State Pension Plan Fallout

As reported by the Associated Press, the Pew Center on the States released a report citing that there is at least a ONE TRILLION DOLLAR deficit in state pension plans.

The article by AP begins by stating, “States may be forced to reduce benefits, raise taxes or slash government services…” due to the billion dollar gap.

More than likely, it will be a combination of all three.

The study, unfortunately, does not include any county, city or municipal pension programs.

The most troublesome news about the study, however, is that AP says the report does not necessarily include pension plan losses from the 2008 economic downfall.

Thus, the trillion dollar gap is, in all reality, much much more.

According to the AP article, “The report said policy makers have exacerbated the problem by expanding benefits, relying on overly optimistic assumptions about investment returns and failing to sufficiently fund the programs.”

That phrase “relying on overly optimistic assumptions about investment returns” is scary.

This sort of financial mis-management, regardless of the 2008 financial market crash (as the Pew study does not take ramifications of that into account), heightens concern for Main Street USA that the public sector (i.e., the federal government) should take over healthcare or any other services they may be considering, for that matter.

The phrase “expanding benefits” is also worrisome. Why is it that public sector executives feel that they have the right to expand benefits if money is not there to cover the obligation?

Does the thought process during public sector budget meetings run along the lines of, “Oh, not to worry, we can always raise taxes, or charge new fees for services to make up for that gap.”

And then to top it off, “failing to sufficiently fund the programs” simply means that, come budget time, those in charge decided that certain budget items would be covered with money that is currently available while leaving the pension plan with less money than called for, thus widening the deficit even more.

That sort of “planning” is simply policy-makers not taking any responsibility for actions taken, but, rather, pushing the problem off to the next generation.

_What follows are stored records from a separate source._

(* Let $n\ge 1$ and consider a radial distribution network whose matrices are $\mathbf{R}=\mathbf{M}^{-T}\mathbf{D}_r\mathbf{M}^{-1}$ and $\mathbf{X}=\mathbf{M}^{-T}\mathbf{D}_x\mathbf{M}^{-1}$, where $\mathbf{M}\in\mathbb{R}^{n\times n}$ is an invertible matrix determined by the network topology and $\mathbf{D}_r,\mathbf{D}_x$ are diagonal matrices with positive diagonal entries given by the resistances and reactances of the power lines (so $\mathbf{R},\mathbf{X}$ are positive definite). Suppose the ratio of resistance to reactance of every power line equals the same constant $\rho>0$. Let $v_0\in\mathbb{R}$ be fixed, $\mathbf{1}\in\mathbb{R}^n$ the all-ones vector, $\mathbf{v}^{ref}\in\mathbb{R}^n$ fixed, and consider the dynamics in which $\mathbf{v}_t=\mathbf{R}\mathbf{p}_t+\mathbf{X}\mathbf{q}_t+v_0\mathbf{1}$, $\tilde{\mathbf{v}}_t=\mathbf{v}_t-\mathbf{v}^{ref}$, and for each node $i$ and $t\ge1$, $$p_{i,t}=p_{i,t-1}-k_i^p\,\tilde v_{i,t-1},\qquad q_{i,t}=q_{i,t-1}-k_i^q\,\tilde v_{i,t-1},$$ so that $\tilde{\mathbf{v}}_t=(\mathbf{I}-\mathbf{R}\mathbf{K}^p-\mathbf{X}\mathbf{K}^q)\tilde{\mathbf{v}}_{t-1}$, where $\mathbf{K}^p=\mathrm{diag}(k_1^p,\dots,k_n^p)$ and $\mathbf{K}^q=\mathrm{diag}(k_1^q,\dots,k_n^q)$. If $$0\prec \rho\mathbf{K}^p+\mathbf{K}^q\prec 2\mathbf{X}^{-1}$$ (in the positive definite ordering), then the equilibrium $\tilde{\mathbf{v}}=0$ of this dynamical system is locally exponentially stable.
   Context: This models the internal power distribution network of a data center under the Linear DistFlow approximation: $p_i,q_i$ are active and reactive power injections at node $i$, $v_i$ the node voltage, $v_0$ the root voltage at the point of connection to the transmission grid. The notation $\mathbf{A}\prec\mathbf{B}$ means $\mathbf{B}-\mathbf{A}$ is positive definite. *)

theory Defs
  imports "HOL-Analysis.Analysis"
begin

definition diag_mat :: "real ^ 'n \<Rightarrow> real ^ 'n ^ 'n" where
  "diag_mat d = (\<chi> i j. if i = j then d $ i else 0)"

definition pos_def :: "real ^ 'n ^ 'n \<Rightarrow> bool" where
  "pos_def A \<longleftrightarrow> transpose A = A \<and> (\<forall>x. x \<noteq> 0 \<longrightarrow> x \<bullet> (A *v x) > 0)"

definition pd_less :: "real ^ 'n ^ 'n \<Rightarrow> real ^ 'n ^ 'n \<Rightarrow> bool" where
  "pd_less A B \<longleftrightarrow> pos_def (B - A)"

definition loc_exp_stable :: "(nat \<Rightarrow> real ^ 'n) set \<Rightarrow> bool" where
  "loc_exp_stable traj \<longleftrightarrow>
     (\<exists>\<delta>>0. \<exists>C>0. \<exists>r. 0 \<le> r \<and> r < 1 \<and>
        (\<forall>x\<in>traj. norm (x 0) < \<delta> \<longrightarrow> (\<forall>t. norm (x t) \<le> C * r ^ t * norm (x 0))))"

definition vdev_traj ::
  "real ^ 'n ^ 'n \<Rightarrow> real ^ 'n ^ 'n \<Rightarrow> real \<Rightarrow> real ^ 'n \<Rightarrow> real ^ 'n \<Rightarrow> real ^ 'n
     \<Rightarrow> (nat \<Rightarrow> real ^ 'n) set" where
  "vdev_traj R X v0 vref kp kq =
     {vt. \<exists>p q. (\<forall>t. vt t = (R *v p t + X *v q t + v0 *\<^sub>R (\<chi> i. 1)) - vref) \<and>
               (\<forall>t i. p (Suc t) $ i = p t $ i - kp $ i * vt t $ i) \<and>
               (\<forall>t i. q (Suc t) $ i = q t $ i - kq $ i * vt t $ i)}"

end

theory Submission
  imports Defs
begin

text \<open>With equal ratios \<open>r/x = \<rho>\<close> on all lines we have \<open>R = \<rho> X\<close>, so the closed loop is
  \<open>\<tilde>v\<^sub>t\<^sub>+\<^sub>1 = (I - X K) \<tilde>v\<^sub>t\<close> with \<open>K = \<rho> K\<^sup>p + K\<^sup>q\<close>. The quadratic form \<open>V x = x\<^sup>T K x\<close>
  is a Lyapunov function: writing \<open>w = X K x\<close>, one step changes it by exactly
  \<open>-w\<^sup>T (2 X\<^sup>-\<^sup>1 - K) w\<close>, which is negative definite in \<open>x\<close> because \<open>X K\<close> is injective.
  Comparing both forms with \<open>\<parallel>x\<parallel>\<^sup>2\<close> turns this into a geometric decrease of \<open>V\<close>,
  hence exponential decay of \<open>\<tilde>v\<close>.\<close>

lemma diag_mat_mult_vec: "diag_mat d *v v = (\<chi> i. d $ i * v $ i)"
  by (simp add: diag_mat_def matrix_vector_mult_def vec_eq_iff if_distrib[where f="\<lambda>x. x * _"]
      cong: if_cong)

lemma invertible_diag_mat:
  assumes "\<And>i. d $ i \<noteq> (0::real)"
  shows "invertible (diag_mat d)"
  unfolding invertible_left_inverse
proof
  show "diag_mat (\<chi> i. inverse (d $ i)) ** diag_mat d = mat 1"
    using assms
    by (simp add: matrix_eq matrix_vector_mul_assoc[symmetric] diag_mat_mult_vec vec_eq_iff)
qed

lemma matrix_inv_left:
  fixes A :: "'a::semiring_1^'n^'n"
  assumes "invertible A"
  shows "matrix_inv A ** A = mat 1"
  using someI_ex[OF assms[unfolded invertible_def]] unfolding matrix_inv_def by auto

lemma invertible_matrix_inv:
  fixes A :: "'a::semiring_1^'n^'n"
  assumes "invertible A"
  shows "invertible (matrix_inv A)"
  using someI_ex[OF assms[unfolded invertible_def]] unfolding matrix_inv_def invertible_def
  by blast

lemma congruent_diag_mat_scale:
  assumes "\<And>i. a $ i = c * b $ i"
  shows "(transpose N ** diag_mat a ** N) *v y = c *\<^sub>R ((transpose N ** diag_mat b ** N) *v y)"
proof -
  have "diag_mat a *v z = c *\<^sub>R (diag_mat b *v z)" for z
    by (simp add: diag_mat_mult_vec vec_eq_iff assms)
  then show ?thesis
    by (simp add: matrix_vector_mul_assoc[symmetric] matrix_vector_mult_scaleR)
qed

lemma vdev_traj_step:
  assumes "vt \<in> vdev_traj R X v0 vref kp kq"
  shows "vt (Suc t) = vt t - R *v (diag_mat kp *v vt t) - X *v (diag_mat kq *v vt t)"
proof -
  obtain p q where
      vt: "\<And>t. vt t = (R *v p t + X *v q t + v0 *\<^sub>R (\<chi> i. 1)) - vref" and
      p: "\<And>t i. p (Suc t) $ i = p t $ i - kp $ i * vt t $ i" and
      q: "\<And>t i. q (Suc t) $ i = q t $ i - kq $ i * vt t $ i"
    using assms unfolding vdev_traj_def by blast
  have "p t - p (Suc t) = diag_mat kp *v vt t" "q t - q (Suc t) = diag_mat kq *v vt t"
    using p q by (simp_all add: vec_eq_iff diag_mat_mult_vec)
  moreover have "vt (Suc t) = vt t - R *v (p t - p (Suc t)) - X *v (q t - q (Suc t))"
    using vt[of t] vt[of "Suc t"] by (simp add: matrix_vector_mult_diff_distrib)
  ultimately show ?thesis by simp
qed

lemma quadratic_form_closed_loop:
  fixes K X :: "real^'n^'n" and x :: "real^'n"
  assumes "transpose K = K" and "invertible X"
  defines "w \<equiv> X *v (K *v x)"
  shows "(x - w) \<bullet> (K *v (x - w)) = x \<bullet> (K *v x) - w \<bullet> ((2 *\<^sub>R matrix_inv X - K) *v w)"
proof -
  have "matrix_inv X *v w = K *v x"
    by (simp add: w_def matrix_vector_mul_assoc matrix_mul_assoc matrix_inv_left[OF assms(2)])
  moreover have "x \<bullet> (K *v w) = (K *v x) \<bullet> w"
    by (metis assms(1) dot_lmul_matrix vector_transpose_matrix)
  ultimately show ?thesis
    by (simp add: matrix_vector_mult_diff_distrib matrix_vector_mult_diff_rdistrib
        inner_diff_left inner_diff_right scaleR_matrix_vector_assoc[symmetric] inner_commute)
qed

lemma positive_homogeneous2_bounds:
  fixes f :: "'a::euclidean_space \<Rightarrow> real"
  assumes "continuous_on UNIV f"
    and homogeneous: "\<And>c x. f (c *\<^sub>R x) = c\<^sup>2 * f x"
    and positive: "\<And>x. x \<noteq> 0 \<Longrightarrow> f x > 0"
  shows "\<exists>a>0. \<exists>b>0. \<forall>x. a * (norm x)\<^sup>2 \<le> f x \<and> f x \<le> b * (norm x)\<^sup>2"
proof -
  let ?S = "sphere (0::'a) 1"
  obtain e :: 'a where "e \<in> Basis" by (meson SOME_Basis)
  then have "?S \<noteq> {}" by force
  moreover have "continuous_on ?S f" using assms(1) continuous_on_subset by blast
  ultimately obtain u w where u: "u \<in> ?S" "\<forall>y\<in>?S. f u \<le> f y"
    and w: "\<forall>y\<in>?S. f y \<le> f w"
    using continuous_attains_inf continuous_attains_sup compact_sphere by metis
  have bounds: "f u * (norm x)\<^sup>2 \<le> f x \<and> f x \<le> f w * (norm x)\<^sup>2" for x
  proof (cases "x = 0")
    case True
    then show ?thesis using homogeneous[of 0 x] by simp
  next
    case False
    define y where "y = (1 / norm x) *\<^sub>R x"
    have "y \<in> ?S" using False by (simp add: y_def)
    then have "f u \<le> f y" "f y \<le> f w" using u w by auto
    moreover have "f x = f y * (norm x)\<^sup>2"
      using False homogeneous[of "norm x" y] by (simp add: y_def)
    ultimately show ?thesis by (simp add: mult_right_mono)
  qed
  have "u \<noteq> 0" using u by auto
  then have "f u > 0" by (rule positive)
  moreover have "f w > 0" using u w \<open>f u > 0\<close> by force
  ultimately show ?thesis using bounds by blast
qed

lemma pos_def_quadratic_form_bounds:
  assumes "pos_def A"
  shows "\<exists>a>0. \<exists>b>0. \<forall>x. a * (norm x)\<^sup>2 \<le> x \<bullet> (A *v x) \<and> x \<bullet> (A *v x) \<le> b * (norm x)\<^sup>2"
  using assms unfolding pos_def_def
  by (intro positive_homogeneous2_bounds continuous_intros)
    (auto simp: matrix_vector_mult_scaleR power2_eq_square)

lemma closed_loop_lyapunov_decrease:
  fixes K X :: "real^'n^'n"
  assumes "pos_def K" and "pos_def (2 *\<^sub>R matrix_inv X - K)" and "invertible X"
  shows "\<exists>\<gamma>>0. \<forall>x. (x - X *v (K *v x)) \<bullet> (K *v (x - X *v (K *v x)))
                     \<le> x \<bullet> (K *v x) - \<gamma> * (norm x)\<^sup>2"
proof -
  let ?G = "2 *\<^sub>R matrix_inv X - K"
  let ?w = "\<lambda>x. X *v (K *v x)"
  have "?w x \<noteq> 0" if "x \<noteq> 0" for x
  proof
    assume "?w x = 0"
    then have "K *v x = 0"
      using inj_matrix_vector_mult[OF assms(3)] by (metis injD matrix_vector_mult_0_right)
    then show False
      using assms(1) that unfolding pos_def_def by (metis inner_zero_right less_irrefl)
  qed
  moreover have "continuous_on UNIV (\<lambda>x. ?w x \<bullet> (?G *v ?w x))"
    unfolding matrix_vector_mul_assoc by (intro continuous_intros)
  ultimately have "\<exists>\<gamma>>0. \<exists>b>0. \<forall>x. \<gamma> * (norm x)\<^sup>2 \<le> ?w x \<bullet> (?G *v ?w x)
                                \<and> ?w x \<bullet> (?G *v ?w x) \<le> b * (norm x)\<^sup>2"
    using assms(2) unfolding pos_def_def
    by (intro positive_homogeneous2_bounds) (auto simp: matrix_vector_mult_scaleR power2_eq_square)
  then obtain \<gamma> where "\<gamma> > 0" and \<gamma>: "\<And>x. \<gamma> * (norm x)\<^sup>2 \<le> ?w x \<bullet> (?G *v ?w x)"
    by blast
  have "transpose K = K" using assms(1) by (simp add: pos_def_def)
  show ?thesis
  proof (intro exI conjI allI)
    fix x
    show "(x - ?w x) \<bullet> (K *v (x - ?w x)) \<le> x \<bullet> (K *v x) - \<gamma> * (norm x)\<^sup>2"
      unfolding quadratic_form_closed_loop[OF \<open>transpose K = K\<close> assms(3)] using \<gamma>[of x] by linarith
  qed (rule \<open>\<gamma> > 0\<close>)
qed

lemma loc_exp_stable_quadratic_lyapunov:
  fixes V :: "real^'n \<Rightarrow> real"
  assumes "a > 0" and "b > 0" and "\<gamma> > 0"
    and bounds: "\<And>x. a * (norm x)\<^sup>2 \<le> V x \<and> V x \<le> b * (norm x)\<^sup>2"
    and decrease: "\<And>x t. x \<in> traj \<Longrightarrow> V (x (Suc t)) \<le> V (x t) - \<gamma> * (norm (x t))\<^sup>2"
  shows "loc_exp_stable traj"
proof -
  define c where "c = max 0 (1 - \<gamma> / b)"
  have c: "0 \<le> c" "c < 1" using assms by (auto simp: c_def)
  have contract: "V (x (Suc t)) \<le> c * V (x t)" if "x \<in> traj" for x t
  proof -
    have "\<gamma> / b * V (x t) \<le> \<gamma> * (norm (x t))\<^sup>2"
      using bounds[of "x t"] assms by (simp add: field_simps)
    moreover have "(1 - \<gamma> / b) * V (x t) \<le> c * V (x t)"
    proof (rule mult_right_mono)
      show "0 \<le> V (x t)"
        using bounds[of "x t"] \<open>a > 0\<close>
        by (meson order_trans mult_nonneg_nonneg less_imp_le zero_le_power2)
    qed (simp add: c_def)
    ultimately show ?thesis using decrease[OF that, of t] by (simp add: algebra_simps)
  qed
  have "norm (x t) \<le> sqrt (b / a) * sqrt c ^ t * norm (x 0)" if "x \<in> traj" for x t
  proof -
    have "V (x t) \<le> c ^ t * V (x 0)"
    proof (induction t)
      case (Suc t)
      then show ?case
        using order_trans[OF contract[OF that, of t] mult_left_mono[OF Suc c(1)]]
        by (simp add: mult.assoc)
    qed simp
    then have "a * (norm (x t))\<^sup>2 \<le> c ^ t * (b * (norm (x 0))\<^sup>2)"
      using bounds c by (meson order_trans mult_left_mono zero_le_power less_imp_le)
    then have "(norm (x t))\<^sup>2 \<le> b / a * c ^ t * (norm (x 0))\<^sup>2"
      using \<open>a > 0\<close> by (simp add: field_simps)
    also have "\<dots> = (sqrt (b / a) * sqrt c ^ t * norm (x 0))\<^sup>2"
      using assms c by (simp add: power_mult_distrib flip: real_sqrt_power)
    finally show ?thesis
      by (rule power2_le_imp_le) (use assms c in auto)
  qed
  moreover have "sqrt (b / a) > 0" "0 \<le> sqrt c" "sqrt c < 1"
    using assms c by auto
  ultimately show ?thesis
    unfolding loc_exp_stable_def by (meson zero_less_one)
qed

theorem theorem4p2:
  fixes M :: "real ^ 'n ^ 'n" and dr dx kp kq vref :: "real ^ 'n"
    and \<rho> v0 :: real and R X :: "real ^ 'n ^ 'n"
  assumes "invertible M"
    and "\<forall>i. dr $ i > 0" and "\<forall>i. dx $ i > 0"
    and "R = transpose (matrix_inv M) ** diag_mat dr ** matrix_inv M"
    and "X = transpose (matrix_inv M) ** diag_mat dx ** matrix_inv M"
    and "\<rho> > 0" and "\<forall>i. dr $ i / dx $ i = \<rho>"
    and "pd_less 0 (\<rho> *\<^sub>R diag_mat kp + diag_mat kq)"
    and "pd_less (\<rho> *\<^sub>R diag_mat kp + diag_mat kq) (2 *\<^sub>R matrix_inv X)"
  shows "loc_exp_stable (vdev_traj R X v0 vref kp kq)"
proof -
  define K where "K = \<rho> *\<^sub>R diag_mat kp + diag_mat kq"
  have "invertible X"
    unfolding assms(5) using assms(1,3)
    by (intro invertible_mult transpose_invertible invertible_matrix_inv invertible_diag_mat)
      (auto simp: less_imp_neq[symmetric])
  have R_eq: "R *v y = \<rho> *\<^sub>R (X *v y)" for y
    unfolding assms(4,5) using assms(3,7)
    by (intro congruent_diag_mat_scale) (metis divide_eq_eq less_irrefl)
  have step: "vt (Suc t) = vt t - X *v (K *v vt t)"
    if "vt \<in> vdev_traj R X v0 vref kp kq" for vt t
    using vdev_traj_step[OF that, of t]
    by (simp add: K_def R_eq matrix_vector_mult_add_rdistrib matrix_vector_right_distrib
        matrix_vector_mult_scaleR scaleR_matrix_vector_assoc[symmetric] algebra_simps)
  have "pos_def K" and "pos_def (2 *\<^sub>R matrix_inv X - K)"
    using assms(8,9) by (simp_all add: K_def pd_less_def)
  then obtain a b where "a > 0" "b > 0" and V_bounds:
      "\<And>x. a * (norm x)\<^sup>2 \<le> x \<bullet> (K *v x) \<and> x \<bullet> (K *v x) \<le> b * (norm x)\<^sup>2"
    using pos_def_quadratic_form_bounds by blast
  obtain \<gamma> where "\<gamma> > 0" and V_decrease:
      "\<And>x. (x - X *v (K *v x)) \<bullet> (K *v (x - X *v (K *v x))) \<le> x \<bullet> (K *v x) - \<gamma> * (norm x)\<^sup>2"
    using closed_loop_lyapunov_decrease \<open>pos_def K\<close> \<open>pos_def (2 *\<^sub>R matrix_inv X - K)\<close>
      \<open>invertible X\<close> by blast
  show ?thesis
    by (rule loc_exp_stable_quadratic_lyapunov[where V = "\<lambda>x. x \<bullet> (K *v x)",
          OF \<open>a > 0\<close> \<open>b > 0\<close> \<open>\<gamma> > 0\<close>])
      (simp_all add: V_bounds step V_decrease)
qed

end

That is corrupt and criminal.

As more and more services are performed by the public sector, which seems to have no rules against operating with massive debt obligations or not meeting financial projections, the burden will ultimately fall on the US taxpayer.

And, while the White House Administration and Congress continue to implement, or strongly suggest the need for, more government oversight in and on the private sector, who is it that is running oversight on their own financial misdeeds?

Food for thought.

Over For Now.

Main Street One

What’s Another Trillion-Plus ? ? ?

The $3.8 Trillion budget being presented to Congress calls for a deficit of $1.6 Trillion.

In other words, 42% of what is proposed to be spent is NOT covered by off-setting income.

And, according to the Associated Press, “…administration officials argued that Obama inherited a deficit from President George W. Bush’s Republican administration that was already topping $1 trillion when he took office, and given the severity of the downturn, the president had to spend billions of dollars stabilizing the financial system and jump-start growth.”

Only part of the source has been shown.